In unserem Film können Sie sehr gut beobachten, wie die Auswurfsperre funktioniert. Nähert sich das Fahrzeug einer Haltestelle, senkt sich der bewegliche Seitenteil der Pflugschaufel; dadurch wird verhindert, dass der Schnee seitlich auf die Haltestelle geschoben wird, was unsere Fahrgäste beim Ein- und Aussteigen behindern würde. Nach der Haltestelle kommt die Sperre wieder nach oben, der Schnee wird wieder seitlich weggeschoben.

Außerdem im Bild: Einer unserer Weichenposten, die dafür sorgen, dass Weichen an problematischen Stellen reibungslos funktionieren. Wird eine solche Weiche von Schnee, Eis oder Streusplitt blockiert, putzt er sie händisch oder stellt sie manuell, damit die Straßenbahn ohne Verzögerung fahren kann.

Die Umwelt ist uns auch im Winter wichtig

Zum Schutz der Umwelt investieren die Wiener Linien in schonende Streu- und Auftaumittel. Um die Feinstaubbelastung durch Streusplitt zu reduzieren, vermischen wir den Splitt mit Sole (einer Mischung aus Wasser und Salz); wann immer möglich, verzichten wir ganz auf Splitt.

Außerdem verwenden wir Feuchtsalz (eine Mischung aus Streusalz und Sole), das in wesentlich geringeren Mengen eingesetzt werden kann als vergleichbare Auftaumittel; somit werden Boden, Pflanzen, Tiere und Gewässer nachhaltig geschont. Unsere Sole stellen wir übrigens selbst her: Die Wiener Linien betreiben vier Soleaufbereitungsanlagen, aus denen wir unsere Tankwagen und Fahrzeuge befüllen.

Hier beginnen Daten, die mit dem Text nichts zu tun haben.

lemma has_integral_Ioc_const:
  fixes a b m c :: real
  assumes "0 \<le> a" "a \<le> b" "0 \<le> m"
  shows "((\<lambda>x. if a < x \<and> x \<le> b then c else 0) has_integral (c * (min m b - min m a))) {0..m}"
proof -
  define a' where "a' = min m a"
  define b' where "b' = min m b"
  have ab: "0 \<le> a'" "a' \<le> b'" "b' \<le> m" using assms by (auto simp: a'_def b'_def)
  have "((\<lambda>x. c) has_integral ((b' - a') *\<^sub>R c)) {a'..b'}"
    using has_integral_const_real[of c a' b'] ab by simp
  then have "((\<lambda>x. if x \<in> cbox a' b' then c else 0) has_integral ((b' - a') *\<^sub>R c)) (cbox 0 m)"
    using ab by (intro has_integral_restrict_closed_subinterval) auto
  then have h: "((\<lambda>x. if x \<in> {a'..b'} then c else 0) has_integral (c * (b' - a'))) {0..m}"
    by (simp add: mult.commute)
  show ?thesis unfolding a'_def[symmetric] b'_def[symmetric]
  proof (rule has_integral_spike_finite[OF _ _ h, of "{a'}"])
    fix x assume "x \<in> {0..m} - {a'}"
    then show "(if a < x \<and> x \<le> b then c else 0) = (if x \<in> {a'..b'} then c else 0)"
      using assms by (auto simp: a'_def b'_def min_def)
  qed auto
qed

lemma cdf_step: "1 \<le> i \<Longrightarrow> cdf f i = cdf f (i - 1) + f i"
  by (cases i) (simp_all add: cdf_def)

lemma signal_nonneg: "is_signal n S \<Longrightarrow> 0 \<le> S j"
  by (simp add: is_signal_def)

lemma supp_sig_nonempty:
  assumes S: "is_signal n S" shows "supp_sig n S \<noteq> {}"
proof
  assume empty: "supp_sig n S = {}"
  have "S j = 0" if "j \<in> {1..n}" for j
  proof -
    have "0 \<le> S j" using S by (rule signal_nonneg)
    moreover have "\<not> 0 < S j" using empty that by (simp add: supp_sig_def)
    ultimately show ?thesis by simp
  qed
  then have "(\<Sum>j=1..n. S j) = 0" by simp
  then show False using S by (simp add: is_signal_def)
qed

section \<open>Revenue-optimal pricing of a single signal\<close>

locale increasing_values =
  fixes n :: nat and v :: "nat \<Rightarrow> real"
  assumes v_pos: "0 < v 1" and v_mono: "strict_mono_on {1..n} v"
begin

lemmas v_less_iff = strict_mono_on_less[OF v_mono]
lemmas v_le_iff = strict_mono_on_less_eq[OF v_mono]

lemma v_gt_0:
  assumes "i \<in> {1..n}" shows "0 < v i"
proof -
  have "v 1 \<le> v i" using assms v_le_iff[of 1 i] by simp
  then show ?thesis using v_pos by simp
qed

lemma G_sig_value:
  assumes "i \<in> {1..n}" shows "G_sig n v S (v i) = (\<Sum>j=i..n. S j)"
proof -
  have "{j\<in>{1..n}. v i \<le> v j} = {i..n}"
    using assms v_le_iff[OF assms] by auto
  then show ?thesis unfolding G_sig_def by simp
qed

lemma price_idx_revenue_max:
  assumes S: "is_signal n S"
  shows "price_idx n v S \<in> supp_sig n S"
    and "\<And>j. j \<in> supp_sig n S \<Longrightarrow>
           v j * G_sig n v S (v j) \<le> v (price_idx n v S) * G_sig n v S (v (price_idx n v S))"
proof -
  define rev where "rev j = v j * G_sig n v S (v j)" for j
  have fin: "finite (supp_sig n S)" unfolding supp_sig_def by auto
  have "Max (rev ` supp_sig n S) \<in> rev ` supp_sig n S"
    using fin supp_sig_nonempty[OF S] by simp
  then obtain i where i: "i \<in> supp_sig n S" "rev i = Max (rev ` supp_sig n S)"
    by force
  then have "\<forall>j\<in>supp_sig n S. rev j \<le> rev i" using fin by simp
  with i(1) have "price_idx n v S \<in> supp_sig n S \<and> (\<forall>j\<in>supp_sig n S. rev j \<le> rev (price_idx n v S))"
    unfolding price_idx_def rev_def by (rule LeastI[OF conjI])
  then show "price_idx n v S \<in> supp_sig n S"
    and "\<And>j. j \<in> supp_sig n S \<Longrightarrow>
           v j * G_sig n v S (v j) \<le> v (price_idx n v S) * G_sig n v S (v (price_idx n v S))"
    by (auto simp: rev_def)
qed

lemma price_idx_range:
  assumes "is_signal n S" shows "price_idx n v S \<in> {1..n}"
  using price_idx_revenue_max(1)[OF assms] by (simp add: supp_sig_def)

lemma cs_sig_eq:
  assumes "is_signal n S" "j \<in> {1..n}"
  shows "cs_sig n v S j = (if price_idx n v S \<le> j then v j - v (price_idx n v S) else 0)"
  using v_le_iff[OF price_idx_range[OF assms(1)] assms(2)] by (simp add: cs_sig_def)

text \<open>Any index i, used as a price, earns at most the optimal revenue: pass to the first
  support point at or above i, which sells to the same buyers at a higher price.\<close>
lemma tail_revenue_le_price:
  assumes S: "is_signal n S" and i: "i \<in> {1..n}"
  shows "v i * (\<Sum>j=i..n. S j) \<le> v (price_idx n v S) * (\<Sum>j=price_idx n v S..n. S j)"
proof (cases "\<exists>j. j \<in> {i..n} \<and> 0 < S j")
  case False
  then have "(\<Sum>j=i..n. S j) = 0"
    using signal_nonneg[OF S] by (intro sum.neutral) (metis less_eq_real_def)
  moreover have "0 \<le> v (price_idx n v S) * (\<Sum>j=price_idx n v S..n. S j)"
    using v_gt_0[OF price_idx_range[OF S]] signal_nonneg[OF S] by (simp add: sum_nonneg)
  ultimately show ?thesis by simp
next
  case True
  define i' where "i' = (LEAST j. j \<in> {i..n} \<and> 0 < S j)"
  have i': "i' \<in> {i..n}" "0 < S i'"
    using LeastI_ex[OF True] unfolding i'_def by auto
  have "S j = 0" if "j \<in> {i..n} - {i'..n}" for j
    using that not_less_Least[of j "\<lambda>j. j \<in> {i..n} \<and> 0 < S j"] signal_nonneg[OF S, of j]
    unfolding i'_def[symmetric] by auto
  then have tail: "(\<Sum>j=i..n. S j) = (\<Sum>j=i'..n. S j)"
    using i' by (intro sum.mono_neutral_right) auto
  have i'_supp: "i' \<in> supp_sig n S" using i i' by (simp add: supp_sig_def)
  have "v i * (\<Sum>j=i'..n. S j) \<le> v i' * (\<Sum>j=i'..n. S j)"
    using i i' v_le_iff[of i i'] signal_nonneg[OF S]
    by (intro mult_right_mono sum_nonneg) auto
  also have "\<dots> \<le> v (price_idx n v S) * (\<Sum>j=price_idx n v S..n. S j)"
    using price_idx_revenue_max(2)[OF S i'_supp] i i'
      G_sig_value[of i'] G_sig_value[OF price_idx_range[OF S]] by simp
  finally show ?thesis using tail by simp
qed

lemma signal_prefix_payment:
  assumes S: "is_signal n S" and k: "k \<le> n"
  shows "(\<Sum>j=1..k. S j * v j) - (\<Sum>j=1..k. S j * cs_sig n v S j)
       = (\<Sum>j=1..k. S j * min (v j) (v (price_idx n v S)))"
proof -
  have "S j * v j - S j * cs_sig n v S j = S j * min (v j) (v (price_idx n v S))"
    if "j \<in> {1..k}" for j
    using that k cs_sig_eq[OF S, of j] v_le_iff[OF price_idx_range[OF S], of j]
    by (auto simp: min_def algebra_simps)
  then show ?thesis by (simp add: sum_subtractf[symmetric])
qed

lemma prefix_revenue_le_price:
  assumes S: "is_signal n S" and k: "k \<le> n" and i0: "i0 \<in> {1..k}"
    and below: "price_idx n v S \<le> i0"
  shows "v i0 * (\<Sum>j=i0..k. S j) \<le> v (price_idx n v S) * (\<Sum>j=price_idx n v S..k. S j)"
proof -
  define p where "p = price_idx n v S"
  have p: "p \<in> {1..n}" unfolding p_def using price_idx_range[OF S] .
  define T where "T = (\<Sum>j=Suc k..n. S j)"
  have split: "(\<Sum>j=a..n. S j) = (\<Sum>j=a..k. S j) + T" if "a \<le> Suc k" for a
    using that k sum.ub_add_nat[of a k S "n - k"] by (simp add: T_def)
  have "v p * T \<le> v i0 * T"
    using v_le_iff[OF p] i0 k below signal_nonneg[OF S]
    by (intro mult_right_mono) (auto simp: p_def T_def sum_nonneg)
  moreover have "v i0 * (\<Sum>j=i0..n. S j) \<le> v p * (\<Sum>j=p..n. S j)"
    using tail_revenue_le_price[OF S] i0 k by (auto simp: p_def)
  ultimately show ?thesis
    using split[of i0] split[of p] i0 below by (simp add: p_def algebra_simps)
qed

lemma signal_prefix_payment_ge:
  assumes S: "is_signal n S" and k: "k \<le> n" and i0: "1 \<le> i0" "i0 \<le> Suc k"
  shows "v i0 * (\<Sum>j=i0..k. S j) \<le> (\<Sum>j=1..k. S j * min (v j) (v (price_idx n v S)))"
proof -
  define p where "p = price_idx n v S"
  have p: "p \<in> {1..n}" unfolding p_def using price_idx_range[OF S] .
  have nonneg: "0 \<le> S j * min (v j) (v p)" if "j \<in> {1..k}" for j
    using that k p v_gt_0 signal_nonneg[OF S] by (simp add: less_imp_le)
  consider "i0 = Suc k" | "i0 \<le> k" "i0 \<le> p" | "i0 \<le> k" "p < i0" using i0 by linarith
  then show ?thesis
  proof cases
    case 1
    then show ?thesis using nonneg by (simp add: p_def sum_nonneg del: atLeastAtMost_iff)
  next
    case 2
    have "v i0 * (\<Sum>j=i0..k. S j) = (\<Sum>j=i0..k. S j * v i0)"
      by (simp add: sum_distrib_left mult.commute)
    also have "\<dots> \<le> (\<Sum>j=i0..k. S j * min (v j) (v p))"
      using 2 i0 k p v_le_iff signal_nonneg[OF S]
      by (intro sum_mono mult_left_mono) auto
    also have "\<dots> \<le> (\<Sum>j=1..k. S j * min (v j) (v p))"
      using nonneg i0 by (intro sum_mono2) auto
    finally show ?thesis by (simp add: p_def)
  next
    case 3
    have "v i0 * (\<Sum>j=i0..k. S j) \<le> v p * (\<Sum>j=p..k. S j)"
      using prefix_revenue_le_price[OF S k] 3 i0 by (simp add: p_def)
    also have "\<dots> = (\<Sum>j=p..k. S j * min (v j) (v p))"
    proof -
      have "min (v j) (v p) = v p" if "j \<in> {p..k}" for j
        using that p k v_le_iff[OF p, of j] by auto
      then show ?thesis by (simp add: sum_distrib_left mult.commute)
    qed
    also have "\<dots> \<le> (\<Sum>j=1..k. S j * min (v j) (v p))"
      using nonneg p by (intro sum_mono2) auto
    finally show ?thesis by (simp add: p_def)
  qed
qed

lemma signal_prefix_surplus_le:
  assumes S: "is_signal n S" and k: "k \<le> n" and i0: "1 \<le> i0" "i0 \<le> Suc k"
  shows "(\<Sum>j=1..k. S j * cs_sig n v S j) \<le> (\<Sum>j=1..k. S j * v j) - v i0 * (\<Sum>j=i0..k. S j)"
  using signal_prefix_payment[OF S k] signal_prefix_payment_ge[OF S k i0] by simp

lemma price_idx_eq_rev_sig:
  assumes sl: "1 \<le> s" "s < l" "l \<le> n"
  shows "price_idx n v (eq_rev_sig v s l) = s"
proof -
  define S where "S = eq_rev_sig v s l"
  define b where "b = v s / v l"
  have sn: "s \<in> {1..n}" and ln: "l \<in> {1..n}" using sl by auto
  have vsl: "0 < v s" "v s < v l" using v_gt_0[OF sn] v_less_iff[OF sn ln] sl by auto
  have b: "0 < b" "b < 1" using vsl by (auto simp: b_def)
  have S: "S j = (if j = s then 1 - b else 0) + (if j = l then b else 0)" for j
    using sl by (simp add: S_def eq_rev_sig_def b_def)
  have supp: "supp_sig n S = {s, l}"
    using sn ln b sl by (auto simp: supp_sig_def S)
  have "G_sig n v S (v s) = 1" "G_sig n v S (v l) = b"
    using G_sig_value[OF sn, of S] G_sig_value[OF ln, of S] sl by (simp_all add: S sum.distrib)
  moreover have "v l * b = v s" using vsl by (simp add: b_def)
  ultimately show ?thesis unfolding S_def[symmetric] price_idx_def
    by (intro Least_equality) (auto simp: supp sl(2) less_imp_le)
qed

lemma eq_rev_sig_prefix_surplus:
  assumes sl: "1 \<le> s" "s < l" "l \<le> n"
  shows "(\<Sum>i=1..k. \<gamma> * (eq_rev_sig v s l i * cs_sig n v (eq_rev_sig v s l) i))
     = (if l \<le> k then \<gamma> * (v s / v l) * (v l - v s) else 0)"
proof -
  have "\<gamma> * (eq_rev_sig v s l i * cs_sig n v (eq_rev_sig v s l) i)
      = (if i = l then \<gamma> * (v s / v l) * (v l - v s) else 0)" for i
    using sl v_less_iff[of s l] unfolding cs_sig_def price_idx_eq_rev_sig[OF sl]
    by (auto simp: eq_rev_sig_def)
  then show ?thesis using sl by simp
qed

Für die Bäume im Bereich der Ring-Haltestellen strengen wir uns besonders an: Um sie zu schützen, verwenden wir Kaliumcarbonat, das wesentlich schonender ist als andere Auftaumittel, allerdings auch eine schwächere Auftauwirkung besitzt und deutlich teurer ist. Zusätzlich wird der Boden rund um die Bäume mit einem speziellen Vlies abgedeckt, das das Einsickern von Auftaumitteln verhindern soll.

Schon gewusst?

AnrainerInnen sind verpflichtet, Gehsteige und Haltestellen zu räumen

Was immer wieder zu Missverständnissen führt, ist die Zuständigkeit für das Räumen von Haltestellen. Grundsätzlich gilt: Der Eigentümer einer Liegenschaft ist verpflichtet, die Gehsteige zu räumen, die an sein Haus/Grundstück angrenzen. Dies gilt auch für Haltestellen öffentlicher Verkehrsmittel, die sich darauf befinden. Die Regelung im Überblick:

  • Von 6 bis 22 Uhr müssen LiegenschaftseigentümerInnen den Fahrgästen das sichere Ein- und Aussteigen bei Straßenbahn, Bus und U-Bahn ermöglichen.
  • Gehsteige und Haltestellenbereiche müssen rechtzeitig von den HausbesitzerInnen, Hauswarten oder den beauftragten Schneeräumfirmen betreut werden.
  • Nur außerhalb dieser Zeit sind die Wiener Linien dafür verantwortlich.